(* Let $n\in\mathbf{N}$ and $A\subset[n]$ have property P, with $Z^{1(2)}_{(\frac29,\frac13]}$, $Z_B$, $Z_G$, $Z_{(\frac13,\frac12]}$ as in the context. Define $$B_3=2\cdot\big(Z^{1(2)}_{(\frac29,\frac13]}\cup Z_B\cup Z_G\big)\ \cup\ Z_{(\frac13,\frac12]}\ \cup\ \tfrac94\cdot Z_B\ \cup\ \big(A\cap(\tfrac n2,\tfrac{2n}{3}]\big),$$ and $A'''=\{m\in\mathbf{N}:3m\in A_{(\frac12,1]}+A_{(\frac12,1]}\}$ where $A_{(\frac12,1]}=A\cap(\frac n2,n]$. Then $B_3$ is a set of integers contained in $(\frac n3,\frac{2n}{3}]$, $|B_3|=\left|A\cap[1,\frac{2n}{3}]\right|+|Z_B|$, and $B_3\cap A'''=\emptyset$.
   Context: A set $A\subset\mathbf{N}$ has property P if there are no $x,y,z\in A$ (not necessarily distinct $x,y$) with $z<x$, $z<y$ and $z\mid x+y$. Intervals denote sets of integers. For $a\in A\cap[1,\frac n2]$ let $m_a\geqslant0$ be the unique integer with $3^{m_a}a\in(\frac n6,\frac n2]$. Define $Z=\{3^{m_a}a: a\in A\cap[1,\frac n2],\ 3^{m_a}a\in(\frac{2n}{9},\frac n2]\}\cup\{2\cdot3^{m_a}a: a\in A\cap[1,\frac n2],\ 3^{m_a}a\in(\frac n6,\frac{2n}{9}]\}$. Let $Z^{1(2)}_{(\frac29,\frac13]}=Z\cap(\frac{2n}{9},\frac n3]\cap(1+2\mathbf{Z})$; $Z_B=\{z\in Z\cap(\frac{2n}{9},\frac n3]\cap2\mathbf{Z}:\frac{3z}{2}\in Z\}$; $Z_G=\{z\in Z\cap(\frac{2n}{9},\frac n3]\cap2\mathbf{Z}:\frac{3z}{2}\notin Z\}$; $Z_{(\frac13,\frac12]}=Z\cap(\frac n3,\frac n2]$. *)

theory Defs
  imports Complex_Main
begin

definition propP :: "nat set \<Rightarrow> bool" where
  "propP A \<longleftrightarrow> (\<forall>x\<in>A. \<forall>y\<in>A. \<forall>z\<in>A. z < x \<and> z < y \<longrightarrow> \<not> z dvd (x + y))"

definition mexp :: "nat \<Rightarrow> nat \<Rightarrow> nat" where
  "mexp n a = (THE m. real n / 6 < real (3 ^ m * a) \<and> real (3 ^ m * a) \<le> real n / 2)"

definition Zset :: "nat \<Rightarrow> nat set \<Rightarrow> nat set" where
  "Zset n A =
     {3 ^ mexp n a * a | a. a \<in> A \<and> 1 \<le> a \<and> real a \<le> real n / 2
                          \<and> 2 * real n / 9 < real (3 ^ mexp n a * a) \<and> real (3 ^ mexp n a * a) \<le> real n / 2}
   \<union> {2 * (3 ^ mexp n a * a) | a. a \<in> A \<and> 1 \<le> a \<and> real a \<le> real n / 2
                          \<and> real n / 6 < real (3 ^ mexp n a * a) \<and> real (3 ^ mexp n a * a) \<le> 2 * real n / 9}"

definition Zodd :: "nat \<Rightarrow> nat set \<Rightarrow> nat set" where
  "Zodd n A = {z \<in> Zset n A. 2 * real n / 9 < real z \<and> real z \<le> real n / 3 \<and> odd z}"

definition ZB :: "nat \<Rightarrow> nat set \<Rightarrow> nat set" where
  "ZB n A = {z \<in> Zset n A. 2 * real n / 9 < real z \<and> real z \<le> real n / 3 \<and> even z
                \<and> 3 * z div 2 \<in> Zset n A}"

definition ZG :: "nat \<Rightarrow> nat set \<Rightarrow> nat set" where
  "ZG n A = {z \<in> Zset n A. 2 * real n / 9 < real z \<and> real z \<le> real n / 3 \<and> even z
                \<and> 3 * z div 2 \<notin> Zset n A}"

definition Zhalf :: "nat \<Rightarrow> nat set \<Rightarrow> nat set" where
  "Zhalf n A = {z \<in> Zset n A. real n / 3 < real z \<and> real z \<le> real n / 2}"

definition B3 :: "nat \<Rightarrow> nat set \<Rightarrow> real set" where
  "B3 n A = (\<lambda>z. 2 * real z) ` (Zodd n A \<union> ZB n A \<union> ZG n A)
          \<union> real ` Zhalf n A
          \<union> (\<lambda>z. 9 / 4 * real z) ` ZB n A
          \<union> real ` {a \<in> A. real n / 2 < real a \<and> real a \<le> 2 * real n / 3}"

definition Aupper :: "nat \<Rightarrow> nat set \<Rightarrow> nat set" where
  "Aupper n A = {a \<in> A. real n / 2 < real a \<and> a \<le> n}"

definition A3 :: "nat \<Rightarrow> nat set \<Rightarrow> nat set" where
  "A3 n A = {m. \<exists>x\<in>Aupper n A. \<exists>y\<in>Aupper n A. 3 * m = x + y}"

end

theory Submission
  imports Defs
begin

text \<open>Property P forbids \<open>b dvd 2 * c\<close> for \<open>b < c\<close> in \<open>A\<close>. Consequently two numbers
  \<open>3^i * a\<close>, \<open>3^j * b\<close> with \<open>a, b \<in> A\<close> coincide only if \<open>a = b\<close>, and \<open>3^i * a \<noteq> 2 * 3^j * b\<close>.
  This makes \<open>a \<mapsto> 3^(m_a) a\<close> (or its double) injective, so \<open>|Z| = |A \<inter> [1, n/2]|\<close>, and it
  separates the four pieces of \<open>B\<^sub>3\<close> wherever their ranges overlap. For \<open>z \<in> Z\<^sub>B\<close> the element
  \<open>3z/2\<close> of \<open>Z\<close> must be of the form \<open>2 * 3^f * b\<close>, so \<open>9z/4 = 3^(f+1) * b\<close> is an integer in
  \<open>(n/2, 2n/3]\<close>. Finally every element \<open>t\<close> of \<open>B\<^sub>3\<close> has a divisor \<open>d \<in> A\<close> that is smaller
  than any \<open>x, y \<in> A \<inter> (n/2, n]\<close> with \<open>x + y = 3t\<close> (either \<open>d \<le> n/2\<close>, or \<open>d = t > n/2\<close>), which
  property P rules out.\<close>

lemma real_bound_iffs:
  fixes n x :: nat
  shows "real x \<le> real n / 2 \<longleftrightarrow> 2 * x \<le> n"
    and "2 * real n / 9 < real x \<longleftrightarrow> 2 * n < 9 * x"
    and "real n / 6 < real x \<longleftrightarrow> n < 6 * x"
    and "real x \<le> 2 * real n / 9 \<longleftrightarrow> 9 * x \<le> 2 * n"
    and "real x \<le> real n / 3 \<longleftrightarrow> 3 * x \<le> n"
    and "real n / 3 < real x \<longleftrightarrow> n < 3 * x"
    and "real n / 2 < real x \<longleftrightarrow> n < 2 * x"
    and "real x \<le> 2 * real n / 3 \<longleftrightarrow> 3 * x \<le> 2 * n"
  by (simp_all add: field_simps) linarith+

lemma propP_not_dvd_double:
  assumes "propP A" "b \<in> A" "c \<in> A" "b < c"
  shows "\<not> b dvd 2 * c"
  using assms unfolding propP_def mult_2 by blast

lemma propP_pow3_cancel:
  assumes "propP A" "a \<in> A" "b \<in> A" "3 ^ i * a = 3 ^ j * (b :: nat)"
  shows "a = b"
proof -
  have False if "a \<in> A" "b \<in> A" "3 ^ i * a = 3 ^ j * (b :: nat)" "i < j" "a \<noteq> b" for a b i j
  proof -
    obtain k where "j = i + Suc k" using \<open>i < j\<close> by (metis add_Suc_right less_imp_Suc_add)
    with that(3) have a: "a = 3 ^ Suc k * b" by (simp add: power_add)
    with that(5) have "b < a" using one_less_power[of "3::nat" "Suc k"] by (cases "b = 0") simp_all
    moreover have "b dvd 2 * a" using a by simp
    ultimately show False using propP_not_dvd_double[OF assms(1) that(2,1)] by blast
  qed
  from this[of a b i j] this[of b a j i] assms(2-4) show ?thesis
    by (cases i j rule: linorder_cases) auto
qed

lemma propP_pow3_neq_double:
  assumes "propP A" "a \<in> A" "b \<in> A" "0 < a" "0 < b"
  shows "3 ^ i * a \<noteq> 2 * (3 ^ j * (b :: nat))"
proof
  assume eq: "3 ^ i * a = 2 * (3 ^ j * b)"
  show False
  proof (cases "i \<le> j")
    case True
    then obtain k where "j = i + k" by (metis le_add_diff_inverse)
    with eq have a: "a = 2 * 3 ^ k * b" by (simp add: power_add ac_simps)
    moreover have "(1::nat) < 2 * 3 ^ k" using one_le_power[of "3::nat" k] by linarith
    ultimately have "b < a" using \<open>0 < b\<close> by simp
    moreover have "b dvd 2 * a" using a by simp
    ultimately show False using propP_not_dvd_double[OF assms(1,3,2)] by blast
  next
    case False
    then obtain k where "i = j + Suc k" by (metis add_Suc_right leI less_imp_Suc_add)
    with eq have b: "3 ^ Suc k * a = 2 * b" by (simp add: power_add ac_simps)
    moreover have "3 * a \<le> 3 ^ Suc k * a" by (simp add: mult_le_mono1)
    ultimately have "a < b" using \<open>0 < a\<close> by linarith
    moreover have "a dvd 2 * b" using b by (metis dvd_triv_right)
    ultimately show False using propP_not_dvd_double[OF assms(1,2,3)] by blast
  qed
qed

******

Write out every line of the listing that holds the word "Zodd".

Result below.
definition Zodd :: "nat \<Rightarrow> nat set \<Rightarrow> nat set" where
  "Zodd n A = {z \<in> Zset n A. 2 * real n / 9 < real z \<and> real z \<le> real n / 3 \<and> odd z}"
  "B3 n A = (\<lambda>z. 2 * real z) ` (Zodd n A \<union> ZB n A \<union> ZG n A)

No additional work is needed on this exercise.